At this point we usually have to wait several days for the new release to be fully deployed. If there is a problem with the release, the cycle restarts. (Note: This is describing non-emergency releases. When something is badly broken, we can usually get an SRE to rescue us with same-day service.)

The ticket is a request to discuss and select ways to drastically decrease the lead time to deployment of new Scap code.

Last couple years tasks for reference:

Event Timeline

@Legoktm is working on a cookbook to speed up packaging of scap https://gerrit.wikimedia.org/r/c/operations/cookbooks/+/727605. The rollout process has to stay as it is though (upgrade on canaries first, and roll out to all hosts after 1-2 days)

The rollout process has to stay as it is though (upgrade on canaries first, and roll out to all hosts after 1-2 days)

For the initial version I'm just tackling the packaging part, but after that we could add the debdeploy to canaries and even some test syncs from the deployment server.

I'm curious what the goal of the 1-2 day delay is.
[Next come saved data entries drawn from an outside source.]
lemma bij_betw_collapse_rooted_words:
  assumes "j \<in> S" "0 \<notin> S" "0 < g j"
  shows "bij_betw (\<lambda>w. map (collapse j) (tl w))
    {w \<in> rooted_words S g (Suc c). tl w \<noteq> [] \<and> hd (tl w) = j}
    (rooted_words (S - {j}) g (c + g j))"
proof (rule bij_betw_byWitness[where f' = "\<lambda>v. 0 # replace_zeros j (g j) v"])
  let ?P = "{w \<in> rooted_words S g (Suc c). tl w \<noteq> [] \<and> hd (tl w) = j}"
  have shape: "\<exists>r. w = 0 # j # r" if "w \<in> ?P" for w
    using that by (auto elim!: rooted_words_SucE simp: neq_Nil_conv)
  have j: "j \<noteq> 0"
    using assms(1,2) by (cases "j = 0") simp_all
  show "\<forall>w\<in>?P. 0 # replace_zeros j (g j) (map (collapse j) (tl w)) = w"
  proof
    fix w assume w: "w \<in> ?P"
    then obtain r where r: "w = 0 # j # r" using shape by blast
    with w assms(2) have counts: "\<forall>k\<in>S. count_list (j # r) k = g k"
      and nc: "noncrossing (0 # j # r)"
      by (simp_all add: Cons_zero_mem_rooted_words_iff)
    from counts assms(1) have "count_list (j # r) j = g j"
      by (rule bspec)
    with r j nc show "0 # replace_zeros j (g j) (map (collapse j) (tl w)) = w"
      using replace_zeros_map_collapse[of j "j # r"] noncrossing_Cons2_not_subseq[of 0 j r]
      by simp
  qed
  show "\<forall>v\<in>rooted_words (S - {j}) g (c + g j).
      map (collapse j) (tl (0 # replace_zeros j (g j) v)) = v"
  proof
    fix v assume "v \<in> rooted_words (S - {j}) g (c + g j)"
    with j have "j \<notin> set v"
      by (auto simp: rooted_words_def)
    then show "map (collapse j) (tl (0 # replace_zeros j (g j) v)) = v"
      by (simp add: map_collapse_replace_zeros)
  qed
  show "(\<lambda>w. map (collapse j) (tl w)) ` ?P \<subseteq> rooted_words (S - {j}) g (c + g j)"
  proof (rule image_subsetI)
    fix w assume "w \<in> ?P"
    moreover from this obtain r where "w = 0 # j # r"
      using shape by blast
    ultimately show "map (collapse j) (tl w) \<in> rooted_words (S - {j}) g (c + g j)"
      using map_collapse_mem_rooted_words assms(1,2) by simp
  qed
  show "(\<lambda>v. 0 # replace_zeros j (g j) v) ` rooted_words (S - {j}) g (c + g j) \<subseteq> ?P"
  proof (rule image_subsetI)
    fix v assume "v \<in> rooted_words (S - {j}) g (c + g j)"
    from replace_zeros_mem_rooted_words[OF this assms]
    show "0 # replace_zeros j (g j) v \<in> ?P"
      by auto
  qed
qed

lemma card_rooted_words_Suc:
  assumes "finite S" "0 \<notin> S" "\<forall>j\<in>S. 0 < g j"
  shows "card (rooted_words S g (Suc c)) =
    card (rooted_words S g c) + (\<Sum>j\<in>S. card (rooted_words (S - {j}) g (c + g j)))"
proof -
  let ?W = "rooted_words S g (Suc c)"
  define P0 where "P0 = {w \<in> ?W. tl w = [] \<or> hd (tl w) = 0}"
  define P where "P j = {w \<in> ?W. tl w \<noteq> [] \<and> hd (tl w) = j}" for j
  have split: "?W = P0 \<union> (\<Union>j\<in>S. P j)"
  proof (intro equalityI subsetI)
    fix w assume w: "w \<in> ?W"
    show "w \<in> P0 \<union> (\<Union>j\<in>S. P j)"
    proof (cases "tl w = [] \<or> hd (tl w) = 0")
      case False
      then have "hd (tl w) \<in> set w"
        by (cases w) auto
      with w False have "hd (tl w) \<in> S"
        by (auto simp: rooted_words_def)
      with w False show ?thesis
        by (auto simp: P_def)
    qed (use w in \<open>auto simp: P0_def\<close>)
  qed (auto simp: P0_def P_def)
  have "finite ?W"
    using assms(1,2) by (rule finite_rooted_words)
  then have fin: "finite P0" "\<And>j. finite (P j)"
    by (auto simp: P0_def P_def)
  have "card ?W = card P0 + card (\<Union>j\<in>S. P j)"
    unfolding split using fin assms by (intro card_Un_disjoint) (auto simp: P0_def P_def)
  also have "card (\<Union>j\<in>S. P j) = (\<Sum>j\<in>S. card (P j))"
    using fin assms(1) by (intro card_UN_disjoint) (auto simp: P_def)
  also have "card P0 = card (rooted_words S g c)"
    unfolding P0_def using bij_betw_tl_rooted_words[OF assms(2)] by (rule bij_betw_same_card)
  also have "(\<Sum>j\<in>S. card (P j)) = (\<Sum>j\<in>S. card (rooted_words (S - {j}) g (c + g j)))"
    unfolding P_def using bij_betw_collapse_rooted_words assms(2,3)
    by (intro sum.cong refl bij_betw_same_card) blast
  finally show ?thesis .
qed

lemma falling_fact_0 [simp]: "falling_fact a 0 = 1"
  by (simp add: falling_fact_def)

lemma falling_fact_Suc: "falling_fact a (Suc k) = falling_fact a k * (a - k)"
  by (simp add: falling_fact_def)

lemma falling_fact_Suc_Suc: "falling_fact (Suc a) (Suc k) = Suc a * falling_fact a k"
  unfolding falling_fact_def by (subst prod.lessThan_Suc_shift) simp

lemma falling_fact_recurrence:
  assumes "k < n"
  shows "Suc c * falling_fact (n + c) (Suc k) =
    c * falling_fact (n + c - 1) (Suc k) + ((k + 2) * c + n) * falling_fact (n + c - 1) k"
proof -
  obtain e where e: "n = Suc (k + e)"
    using assms less_iff_Suc_add by blast
  define f where "f = falling_fact (n + c - 1) k"
  have "falling_fact (n + c) (Suc k) = (n + c) * f"
    using falling_fact_Suc_Suc[of "n + c - 1" k] e by (simp add: f_def)
  moreover have "falling_fact (n + c - 1) (Suc k) = f * (e + c)"
    using falling_fact_Suc[of "n + c - 1" k] e by (simp add: f_def)
  ultimately show ?thesis
    unfolding f_def[symmetric] by (simp add: e algebra_simps)
qed

lemma sum_falling_fact_remove:
  assumes "finite S" "card S = k + 2"
  shows "(\<Sum>j\<in>S. (c + g j) * falling_fact (sum g (S - {j}) + (c + g j) - 1) (card (S - {j}) - 1)) =
    ((k + 2) * c + sum g S) * falling_fact (sum g S + c - 1) k"
proof -
  have "(c + g j) * falling_fact (sum g (S - {j}) + (c + g j) - 1) (card (S - {j}) - 1) =
      (c + g j) * falling_fact (sum g S + c - 1) k" if "j \<in> S" for j
  proof -
    have "sum g (S - {j}) + (c + g j) = sum g S + c"
      using sum.remove[OF assms(1) that, of g] by simp
    moreover have "card (S - {j}) - 1 = k"
      using that assms by simp
    ultimately show ?thesis
      by (simp only:)
  qed
  then have "(\<Sum>j\<in>S. (c + g j) * falling_fact (sum g (S - {j}) + (c + g j) - 1) (card (S - {j}) - 1)) =
      (\<Sum>j\<in>S. (c + g j) * falling_fact (sum g S + c - 1) k)"
    by (rule sum.cong[OF refl])
  also have "\<dots> = ((k + 2) * c + sum g S) * falling_fact (sum g S + c - 1) k"
    using assms(2) by (simp add: sum_distrib_right[symmetric] sum.distrib algebra_simps)
  finally show ?thesis .
qed

lemma card_rooted_words:
  assumes "finite S" "0 \<notin> S" "\<forall>j\<in>S. 0 < g j" "S \<noteq> {}"
  shows "card (rooted_words S g c) = c * falling_fact (sum g S + c - 1) (card S - 1)"
  using assms
proof (induction "card S" arbitrary: S c rule: less_induct)
  case less
  note S = less.prems
  have IH: "card (rooted_words (S - {j}) g c') =
      c' * falling_fact (sum g (S - {j}) + c' - 1) (card (S - {j}) - 1)"
    if "j \<in> S" "S - {j} \<noteq> {}" for j c'
  proof -
    have "card (S - {j}) < card S"
      using S(1) that(1) by (rule card_Diff1_less)
    then show ?thesis
      using S that(2) by (intro less.hyps) auto
  qed
  show ?case
  proof (induction c)
    case 0
    with S show ?case by (simp add: rooted_words_zero)
  next
    case (Suc c)
    let ?N = "sum g S" and ?T = "\<lambda>j. card (rooted_words (S - {j}) g (c + g j))"
    have rec: "card (rooted_words S g (Suc c)) =
        c * falling_fact (?N + c - 1) (card S - 1) + (\<Sum>j\<in>S. ?T j)"
      using card_rooted_words_Suc[OF S(1-3)] Suc.IH by simp
    from S(1,4) have "card S \<noteq> 0"
      by simp
    consider j where "S = {j}" | k where "card S = k + 2"
    proof (cases "card S = 1")
      case True
      then obtain j where "S = {j}"
        by (rule card_1_singletonE)
      then show ?thesis
        by (rule that(1))
    next
      case False
      with \<open>card S \<noteq> 0\<close> have "card S = (card S - 2) + 2"
        by simp
      then show ?thesis
        by (rule that(2))
    qed
    then show ?case
    proof cases
      case (1 j)
      with rec show ?thesis by (simp add: rooted_words_empty)
    next
      case (2 k)
      have "S - {j} \<noteq> {}" if "j \<in> S" for j
      proof -
        from S(1) that 2 have "card (S - {j}) \<noteq> 0"
          by simp
        then show ?thesis
          by (intro notI) simp
      qed
      with IH have "(\<Sum>j\<in>S. ?T j) =
          (\<Sum>j\<in>S. (c + g j) * falling_fact (sum g (S - {j}) + (c + g j) - 1) (card (S - {j}) - 1))"
        by simp
      also have "\<dots> = ((k + 2) * c + ?N) * falling_fact (?N + c - 1) k"
        by (rule sum_falling_fact_remove[OF S(1) 2])
      finally have "card (rooted_words S g (Suc c)) =
          c * falling_fact (?N + c - 1) (Suc k) + ((k + 2) * c + ?N) * falling_fact (?N + c - 1) k"
        using rec 2 by simp
      also have "\<dots> = Suc c * falling_fact (?N + c) (Suc k)"
      proof (rule falling_fact_recurrence[symmetric])
        have "card S \<le> ?N"
          using S(3) sum_mono[of S "\<lambda>_. 1" g] by (simp add: Suc_le_eq)
        with 2 show "k < ?N" by simp
      qed
      finally show ?thesis
        using 2 by simp
    qed
  qed
qed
In theory if we can release scap faster, then we can also fix potential regressions faster so catching them at the canary stage is less important. Obviously that depends on what kind of regressions we're expecting, which is what I'm curious about - which code paths or uses of scap need 1-2 days to test/find issues with, and is there a way we could test those things during the scap release/deploy process?

@Legoktm we may debdeploy scap everywhere, and then for whatever reason we need to push change Y fast due to issue X. If scap fails everywhere because of a bug we missed, we have a problem where we first need to downgrade scap, and then rerun it. In my opinion, we should keep having scap sit on the canaries for 1 day, and save us from a potential scenario like this. To my knowledge, scap's test coverage is rather low (I admit I have not read scap code for quite some time). If this is still the case, gives us one more reason to want to be a little bit more careful with its rollout.

colewhite triaged this task as Medium priority.Nov 8 2021, 10:35 PM
dancy claimed this task.

Resolved via T303559